## [DIRECTIONS]
Return only that part of the material below which starts with the line containing "real) \<Rightarrow> real" and goes on through the line containing "text \<open>L^1 quantization", restated exactly.
+ + + +
(* Let $d\ge1$ and equip $\mathbb{R}^d$ with the $\ell^\infty$-norm $|(\xi^1,\dots,\xi^d)|_\infty=\max_i|\xi^i|$. Let $C_d$ be the smallest real constant such that for every $N\ge1$, every $(\xi_1,\dots,\xi_N)\in([0,1]^d)^N$ and every continuous $f:[0,1]^d\to\mathbb{R}$, $$\Big|\int_{[0,1]^d}f(u)\,du-\frac1N\sum_{i=1}^Nf(\xi_i)\Big|\le C_d\,w\big(f,D^*_N(\xi_1,\dots,\xi_N)^{\frac1d}\big)$$ (this constant is finite, with $C_1=1$ and $C_d\in[1,4]$ for $d\ge2$). Then: (a) for every $N\ge1$ and every $(\xi_1,\dots,\xi_N)\in([0,1]^d)^N$, $$e_1\big(\{\xi_1,\dots,\xi_N\},U([0,1]^d)\big)\le C_d\,D^*_N(\xi_1,\dots,\xi_N)^{\frac1d};$$ (b) in particular, when $d=1$, $e_1\big(\{\xi_1,\dots,\xi_N\},U([0,1])\big)\le D^*_N(\xi_1,\dots,\xi_N)$.
   Context: $U([0,1]^d)$ is the uniform distribution on $[0,1]^d$ and, for $U\sim U([0,1]^d)$ and $\Gamma\subset\mathbb{R}^d$, $e_1(\Gamma,U([0,1]^d))=\mathbb{E}\min_{a\in\Gamma}|U-a|_\infty$. The star discrepancy is $D^*_N(\xi_1,\dots,\xi_N)=\sup_{u\in[0,1]^d}\big|\frac1N\sum_{i=1}^N\mathbf{1}_{\{\xi_i\in[\![0,u]\!]\}}-\lambda_d([\![0,u]\!])\big|$ where $[\![0,u]\!]=\prod_{\ell=1}^d[0,u^\ell]$. The uniform continuity modulus is $w(f,\delta)=\sup\{|f(\xi)-f(\xi')|:\xi,\xi'\in[0,1]^d,\ |\xi-\xi'|_\infty\le\delta\}$. *)

theory Defs
  imports "HOL-Analysis.Analysis"
begin

text \<open>Points of R^d are vectors of type real^'n, d = CARD('n).\<close>

definition unit_cube :: "(real^'n) set" where
  "unit_cube = cbox 0 One"

definition linf_norm :: "real^'n \<Rightarrow> real" where
  "linf_norm x = Max (range (\<lambda>i. \<bar>x $ i\<bar>))"

definition star_discrepancy :: "nat \<Rightarrow> (nat \<Rightarrow> real^'n) \<Rightarrow> real" where
  "star_discrepancy N xi =
     (SUP u\<in>unit_cube. \<bar>real (card {i\<in>{..<N}. xi i \<in> cbox 0 u}) / real N
                          - measure lborel (cbox 0 u)\<bar>)"

definition modulus :: "(real^'n \<Rightarrow> real) \<Rightarrow> real \<Rightarrow> real" where
  "modulus f \<delta> = (SUP p\<in>{(x, y). x \<in> unit_cube \<and> y \<in> unit_cube \<and> linf_norm (x - y) \<le> \<delta>}.
                      \<bar>f (fst p) - f (snd p)\<bar>)"

text \<open>L^1 quantization error of the uniform distribution on [0,1]^d (Lebesgue measure of
  the cube is 1, so the expectation is the integral over the cube).\<close>
definition e1_unif :: "(real^'n) set \<Rightarrow> real" where
  "e1_unif \<Gamma> = integral unit_cube (\<lambda>u. Inf ((\<lambda>a. linf_norm (u - a)) ` \<Gamma>))"

definition Cd :: "'n::finite itself \<Rightarrow> real" where
  "Cd _ = Inf {C. \<forall>N (xi :: nat \<Rightarrow> real^'n) f. N \<ge> 1 \<longrightarrow> (\<forall>i<N. xi i \<in> unit_cube) \<longrightarrow>
              continuous_on unit_cube f \<longrightarrow>
              \<bar>integral unit_cube f - (1 / real N) * (\<Sum>i<N. f (xi i))\<bar>
                \<le> C * modulus f (star_discrepancy N xi powr (1 / real CARD('n)))}"

end

theory Submission
  imports Defs
begin

text \<open>For a finite set G the function u \<mapsto> min_{a \<in> G} |u - a|_\<infinity> is 1-Lipschitz for the
  sup-norm and vanishes on G, so its integral e_1(G) is bounded by C w(., D^(1/d)) \<le> C D^(1/d)
  for every constant C admissible in the Koksma--Hlawka type inequality, hence by their infimum
  C_d, provided some admissible constant exists. Existence (with constant 2 + 8^d) is the real
  work: on a grid of cells of side 1/m \<approx> D^(1/d), replacing f by its values at the upper corners
  of the cells costs 2 w(f, 1/m), and the remaining sum of corner values weighted by the signed
  masses of the cells is controlled by multidimensional summation by parts, since the partial
  sums of these masses over lower boxes of cells are local discrepancies. For d = 1 one shows
  directly that every point of [0, 1] lies within D of some xi_i.\<close>

section \<open>Summation by parts on grids\<close>

lemma sum_diff_first_by_parts:
  fixes g \<sigma> :: "nat \<Rightarrow> 'a::comm_ring"
  shows "(\<Sum>t\<le>n. (g t - g 0) * \<sigma> t)
    = (g n - g 0) * (\<Sum>s\<le>n. \<sigma> s) - (\<Sum>t<n. (g (Suc t) - g t) * (\<Sum>s\<le>t. \<sigma> s))"
  by (induction n) (simp_all add: algebra_simps)

lemma abs_diff_first_le_steps:
  fixes g :: "nat \<Rightarrow> real"
  assumes "\<And>t. t < n \<Longrightarrow> \<bar>g (Suc t) - g t\<bar> \<le> \<omega>"
  shows "\<bar>g n - g 0\<bar> \<le> n * \<omega>"
  using assms
proof (induction n)
  case (Suc n)
  have "\<bar>g (Suc n) - g 0\<bar> \<le> \<bar>g (Suc n) - g n\<bar> + \<bar>g n - g 0\<bar>" by linarith
  also have "\<dots> \<le> \<omega> + n * \<omega>" using Suc by (intro add_mono) auto
  finally show ?case by (simp add: algebra_simps)
qed simp

lemma summation_by_parts_bound:
  fixes g \<sigma> :: "nat \<Rightarrow> real"
  assumes steps: "\<And>t. Suc t < m \<Longrightarrow> \<bar>g (Suc t) - g t\<bar> \<le> \<omega>"
    and partial_sums: "\<And>t. t < m \<Longrightarrow> \<bar>\<Sum>s\<le>t. \<sigma> s\<bar> \<le> D"
    and "0 \<le> \<omega>"
  shows "\<bar>(\<Sum>t<m. g t * \<sigma> t) - g 0 * (\<Sum>t<m. \<sigma> t)\<bar> \<le> 2 * real m * \<omega> * D"
proof (cases m)
  case (Suc n)
  have D: "0 \<le> D" using partial_sums[of 0] Suc by fastforce
  have "(\<Sum>t<m. g t * \<sigma> t) - g 0 * (\<Sum>t<m. \<sigma> t) = (\<Sum>t\<le>n. (g t - g 0) * \<sigma> t)"
    by (simp add: Suc lessThan_Suc_atMost sum_distrib_left sum_subtractf algebra_simps)
  also have "\<dots> = (g n - g 0) * (\<Sum>s\<le>n. \<sigma> s) - (\<Sum>t<n. (g (Suc t) - g t) * (\<Sum>s\<le>t. \<sigma> s))"
    by (rule sum_diff_first_by_parts)
  finally have eq: "(\<Sum>t<m. g t * \<sigma> t) - g 0 * (\<Sum>t<m. \<sigma> t) = \<dots>" .
  have "\<bar>(g n - g 0) * (\<Sum>s\<le>n. \<sigma> s)\<bar> \<le> (n * \<omega>) * D"
    unfolding abs_mult using abs_diff_first_le_steps[of n g \<omega>] steps partial_sums[of n] Suc \<open>0 \<le> \<omega>\<close>
    by (intro mult_mono) auto
  moreover have "\<bar>\<Sum>t<n. (g (Suc t) - g t) * (\<Sum>s\<le>t. \<sigma> s)\<bar> \<le> (\<Sum>t<n. \<omega> * D)"
    by (rule order_trans[OF sum_abs], rule sum_mono)
       (unfold abs_mult, use steps partial_sums Suc \<open>0 \<le> \<omega>\<close> in \<open>intro mult_mono, auto\<close>)
  ultimately have "\<bar>(\<Sum>t<m. g t * \<sigma> t) - g 0 * (\<Sum>t<m. \<sigma> t)\<bar> \<le> 2 * real n * \<omega> * D"
    unfolding eq by (simp add: abs_triangle_ineq4 algebra_simps)
  also have "\<dots> \<le> 2 * real m * \<omega> * D"
    using Suc D \<open>0 \<le> \<omega>\<close> by (intro mult_right_mono) auto
  finally show ?thesis .
qed simp

definition grid :: "nat \<Rightarrow> 'i set \<Rightarrow> ('i \<Rightarrow> nat) set" where
  "grid m S = {k. \<forall>i. (i \<in> S \<longrightarrow> k i < m) \<and> (i \<notin> S \<longrightarrow> k i = 0)}"

lemma grid_empty [simp]: "grid m {} = {\<lambda>_. 0}"
  by (auto simp: grid_def)

lemma grid_UNIV: "grid m UNIV = {k. \<forall>i. k i < m}"
  by (simp add: grid_def)

lemma fun_upd_in_grid_insert: "j \<in> grid m S \<Longrightarrow> t < m \<Longrightarrow> j(a := t) \<in> grid m (insert a S)"
  by (auto simp: grid_def)

lemma grid_step_index_in: "j \<in> grid m S \<Longrightarrow> j(i := Suc (j i)) \<in> grid m S \<Longrightarrow> i \<in> S"
  unfolding grid_def by (metis (mono_tags, lifting) fun_upd_same mem_Collect_eq nat.distinct(1))

lemma grid_insert:
  assumes "a \<notin> S"
  shows "grid m (insert a S) = (\<lambda>(j, t). j(a := t)) ` (grid m S \<times> {..<m})"
proof safe
  fix k assume k: "k \<in> grid m (insert a S)"
  have "k(a := 0) \<in> grid m S" "k a < m" using k assms by (auto simp: grid_def)
  then show "k \<in> (\<lambda>(j, t). j(a := t)) ` (grid m S \<times> {..<m})"
    by (intro image_eqI[where x="(k(a := 0), k a)"]) auto
qed (auto simp: grid_def)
+ + + +
## [PROBLEM SOLUTION]
definition modulus :: "(real^'n \<Rightarrow> real) \<Rightarrow> real \<Rightarrow> real" where
  "modulus f \<delta> = (SUP p\<in>{(x, y). x \<in> unit_cube \<and> y \<in> unit_cube \<and> linf_norm (x - y) \<le> \<delta>}.
                      \<bar>f (fst p) - f (snd p)\<bar>)"

text \<open>L^1 quantization error of the uniform distribution on [0,1]^d (Lebesgue measure of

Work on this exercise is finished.